§ **DATA SHOWN**
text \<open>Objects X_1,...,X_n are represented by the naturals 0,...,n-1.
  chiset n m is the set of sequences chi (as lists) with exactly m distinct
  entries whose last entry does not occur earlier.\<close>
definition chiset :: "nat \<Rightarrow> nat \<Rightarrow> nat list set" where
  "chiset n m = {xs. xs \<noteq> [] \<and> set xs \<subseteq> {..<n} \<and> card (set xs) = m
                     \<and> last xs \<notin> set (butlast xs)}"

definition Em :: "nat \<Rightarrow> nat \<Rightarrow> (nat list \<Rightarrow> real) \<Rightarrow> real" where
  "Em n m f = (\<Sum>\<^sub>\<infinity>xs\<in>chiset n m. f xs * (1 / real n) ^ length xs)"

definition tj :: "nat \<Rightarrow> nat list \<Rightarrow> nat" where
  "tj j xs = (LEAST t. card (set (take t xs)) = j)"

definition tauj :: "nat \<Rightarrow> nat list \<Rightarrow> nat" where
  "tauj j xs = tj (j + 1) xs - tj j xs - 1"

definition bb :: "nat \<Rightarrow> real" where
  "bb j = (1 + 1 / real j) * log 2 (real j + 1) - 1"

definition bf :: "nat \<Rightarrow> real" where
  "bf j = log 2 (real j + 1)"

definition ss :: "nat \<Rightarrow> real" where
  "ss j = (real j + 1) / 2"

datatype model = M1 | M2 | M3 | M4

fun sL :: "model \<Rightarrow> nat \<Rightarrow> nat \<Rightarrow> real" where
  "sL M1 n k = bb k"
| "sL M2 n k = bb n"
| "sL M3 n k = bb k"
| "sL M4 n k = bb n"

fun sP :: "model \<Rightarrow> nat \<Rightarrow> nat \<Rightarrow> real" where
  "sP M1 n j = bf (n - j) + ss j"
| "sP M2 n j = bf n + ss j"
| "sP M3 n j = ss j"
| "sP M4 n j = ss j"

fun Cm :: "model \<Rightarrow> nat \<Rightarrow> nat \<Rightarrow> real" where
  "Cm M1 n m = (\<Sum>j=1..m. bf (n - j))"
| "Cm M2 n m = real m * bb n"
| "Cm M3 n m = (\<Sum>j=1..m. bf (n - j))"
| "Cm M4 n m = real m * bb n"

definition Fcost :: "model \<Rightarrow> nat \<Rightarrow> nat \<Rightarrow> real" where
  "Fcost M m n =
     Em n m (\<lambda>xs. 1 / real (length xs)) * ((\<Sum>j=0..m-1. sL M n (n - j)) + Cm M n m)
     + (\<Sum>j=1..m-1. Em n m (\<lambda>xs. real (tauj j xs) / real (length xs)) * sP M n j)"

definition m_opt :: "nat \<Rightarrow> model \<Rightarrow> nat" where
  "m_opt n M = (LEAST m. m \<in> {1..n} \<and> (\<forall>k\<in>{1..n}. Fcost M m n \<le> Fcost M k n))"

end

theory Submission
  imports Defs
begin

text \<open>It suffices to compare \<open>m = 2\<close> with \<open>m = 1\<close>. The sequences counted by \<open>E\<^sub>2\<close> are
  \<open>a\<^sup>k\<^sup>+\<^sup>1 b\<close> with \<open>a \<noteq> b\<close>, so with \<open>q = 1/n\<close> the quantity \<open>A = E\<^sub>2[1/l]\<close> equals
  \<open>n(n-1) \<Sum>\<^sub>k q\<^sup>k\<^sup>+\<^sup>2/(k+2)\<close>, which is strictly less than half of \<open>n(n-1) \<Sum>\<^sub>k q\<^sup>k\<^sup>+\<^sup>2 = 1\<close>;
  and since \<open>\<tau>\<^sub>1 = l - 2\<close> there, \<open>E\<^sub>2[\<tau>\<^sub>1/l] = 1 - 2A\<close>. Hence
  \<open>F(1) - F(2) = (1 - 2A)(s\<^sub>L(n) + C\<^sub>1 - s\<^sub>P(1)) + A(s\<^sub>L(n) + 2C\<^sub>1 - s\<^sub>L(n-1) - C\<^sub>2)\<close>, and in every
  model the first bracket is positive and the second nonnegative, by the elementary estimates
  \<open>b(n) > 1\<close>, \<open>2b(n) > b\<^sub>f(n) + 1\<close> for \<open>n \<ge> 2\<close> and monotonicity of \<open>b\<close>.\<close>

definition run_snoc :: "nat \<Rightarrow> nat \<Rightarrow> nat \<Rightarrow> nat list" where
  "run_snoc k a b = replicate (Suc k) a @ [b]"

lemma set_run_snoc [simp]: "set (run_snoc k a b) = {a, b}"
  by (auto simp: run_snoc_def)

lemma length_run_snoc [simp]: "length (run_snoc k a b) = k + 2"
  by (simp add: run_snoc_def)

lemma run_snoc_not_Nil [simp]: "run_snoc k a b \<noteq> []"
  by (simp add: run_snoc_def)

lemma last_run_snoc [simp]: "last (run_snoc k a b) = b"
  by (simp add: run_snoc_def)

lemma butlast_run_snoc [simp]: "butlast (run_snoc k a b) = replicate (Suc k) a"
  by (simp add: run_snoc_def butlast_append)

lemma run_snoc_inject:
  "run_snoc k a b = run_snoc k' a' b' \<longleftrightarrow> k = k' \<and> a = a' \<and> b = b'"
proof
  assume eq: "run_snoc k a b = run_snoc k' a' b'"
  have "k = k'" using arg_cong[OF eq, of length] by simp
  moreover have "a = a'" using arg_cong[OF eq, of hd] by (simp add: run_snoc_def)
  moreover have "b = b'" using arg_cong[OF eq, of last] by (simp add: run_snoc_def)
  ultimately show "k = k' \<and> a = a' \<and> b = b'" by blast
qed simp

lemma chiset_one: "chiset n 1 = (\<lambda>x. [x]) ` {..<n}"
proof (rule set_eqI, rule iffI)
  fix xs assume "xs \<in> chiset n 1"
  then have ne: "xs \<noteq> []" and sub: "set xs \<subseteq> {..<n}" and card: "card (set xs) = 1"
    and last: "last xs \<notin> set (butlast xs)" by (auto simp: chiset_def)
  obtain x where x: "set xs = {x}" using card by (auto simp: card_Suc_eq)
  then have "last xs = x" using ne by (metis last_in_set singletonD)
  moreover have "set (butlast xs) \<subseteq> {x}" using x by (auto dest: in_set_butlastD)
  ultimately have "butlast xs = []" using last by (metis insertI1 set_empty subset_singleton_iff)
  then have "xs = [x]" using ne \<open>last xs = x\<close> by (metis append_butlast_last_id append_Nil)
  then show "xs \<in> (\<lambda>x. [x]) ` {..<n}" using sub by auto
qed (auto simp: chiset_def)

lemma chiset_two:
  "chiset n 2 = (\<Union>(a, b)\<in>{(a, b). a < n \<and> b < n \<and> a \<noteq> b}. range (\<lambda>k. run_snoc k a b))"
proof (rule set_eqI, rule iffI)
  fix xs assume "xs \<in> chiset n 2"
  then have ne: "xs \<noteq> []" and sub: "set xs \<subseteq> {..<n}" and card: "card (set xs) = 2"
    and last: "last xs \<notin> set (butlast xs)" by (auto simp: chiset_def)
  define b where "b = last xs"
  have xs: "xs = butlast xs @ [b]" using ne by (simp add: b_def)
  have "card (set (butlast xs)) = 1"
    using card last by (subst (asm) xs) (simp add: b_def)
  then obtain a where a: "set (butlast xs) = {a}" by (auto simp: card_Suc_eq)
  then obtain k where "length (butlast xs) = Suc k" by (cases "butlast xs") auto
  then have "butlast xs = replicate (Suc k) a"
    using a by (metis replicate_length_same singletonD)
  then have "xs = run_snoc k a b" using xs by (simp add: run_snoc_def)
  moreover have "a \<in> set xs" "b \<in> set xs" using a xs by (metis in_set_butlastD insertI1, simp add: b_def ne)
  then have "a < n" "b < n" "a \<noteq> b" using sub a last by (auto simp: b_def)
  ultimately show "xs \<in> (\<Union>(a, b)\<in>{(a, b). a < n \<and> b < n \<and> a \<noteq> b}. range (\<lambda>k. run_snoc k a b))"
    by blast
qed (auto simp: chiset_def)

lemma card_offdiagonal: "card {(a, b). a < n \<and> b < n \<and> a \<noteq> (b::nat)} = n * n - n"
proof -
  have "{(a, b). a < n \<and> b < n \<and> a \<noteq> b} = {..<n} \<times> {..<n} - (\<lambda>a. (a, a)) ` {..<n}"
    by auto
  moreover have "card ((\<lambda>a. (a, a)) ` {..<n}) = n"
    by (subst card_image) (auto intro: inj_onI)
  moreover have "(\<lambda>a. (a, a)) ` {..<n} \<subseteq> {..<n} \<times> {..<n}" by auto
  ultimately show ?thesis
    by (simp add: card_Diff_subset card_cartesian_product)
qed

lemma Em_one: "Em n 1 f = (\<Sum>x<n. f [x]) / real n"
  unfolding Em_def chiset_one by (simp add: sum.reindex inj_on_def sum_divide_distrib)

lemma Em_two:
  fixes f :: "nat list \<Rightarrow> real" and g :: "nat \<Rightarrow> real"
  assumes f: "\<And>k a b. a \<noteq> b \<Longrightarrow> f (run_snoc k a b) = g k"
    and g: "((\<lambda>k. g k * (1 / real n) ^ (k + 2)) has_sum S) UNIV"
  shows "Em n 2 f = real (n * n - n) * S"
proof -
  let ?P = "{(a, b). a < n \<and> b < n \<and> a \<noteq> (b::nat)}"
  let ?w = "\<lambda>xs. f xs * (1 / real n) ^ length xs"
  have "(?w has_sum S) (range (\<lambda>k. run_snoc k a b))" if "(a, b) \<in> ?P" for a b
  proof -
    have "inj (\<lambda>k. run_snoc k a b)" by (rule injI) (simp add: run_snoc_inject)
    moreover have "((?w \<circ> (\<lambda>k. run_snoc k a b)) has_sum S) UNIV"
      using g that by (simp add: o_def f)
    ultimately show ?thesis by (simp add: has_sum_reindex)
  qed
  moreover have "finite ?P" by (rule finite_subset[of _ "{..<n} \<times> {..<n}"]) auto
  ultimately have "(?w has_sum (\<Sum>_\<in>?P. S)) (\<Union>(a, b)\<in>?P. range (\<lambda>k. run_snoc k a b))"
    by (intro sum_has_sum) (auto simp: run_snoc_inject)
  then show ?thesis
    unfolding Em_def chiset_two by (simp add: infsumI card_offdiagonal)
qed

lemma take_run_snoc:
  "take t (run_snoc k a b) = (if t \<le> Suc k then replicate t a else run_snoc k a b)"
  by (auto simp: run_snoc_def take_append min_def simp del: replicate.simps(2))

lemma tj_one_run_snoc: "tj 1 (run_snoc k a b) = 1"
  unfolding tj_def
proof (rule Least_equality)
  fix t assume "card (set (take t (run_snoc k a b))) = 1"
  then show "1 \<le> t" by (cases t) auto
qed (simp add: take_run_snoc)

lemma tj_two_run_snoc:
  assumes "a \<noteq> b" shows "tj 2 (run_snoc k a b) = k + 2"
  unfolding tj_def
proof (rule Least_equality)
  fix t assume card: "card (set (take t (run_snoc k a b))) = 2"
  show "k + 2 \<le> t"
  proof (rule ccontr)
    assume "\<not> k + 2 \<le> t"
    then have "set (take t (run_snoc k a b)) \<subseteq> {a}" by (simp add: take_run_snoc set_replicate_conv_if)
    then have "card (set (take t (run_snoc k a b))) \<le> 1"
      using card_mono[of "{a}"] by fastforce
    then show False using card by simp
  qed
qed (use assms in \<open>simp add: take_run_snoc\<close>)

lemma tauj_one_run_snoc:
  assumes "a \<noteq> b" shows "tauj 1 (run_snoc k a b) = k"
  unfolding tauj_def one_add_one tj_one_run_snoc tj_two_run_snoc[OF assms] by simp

§ **TASK DETAILS**
Report the number of lines in the entries above that include the word "shows" and add nothing to it.

§ **WRITTEN RESPONSE**
3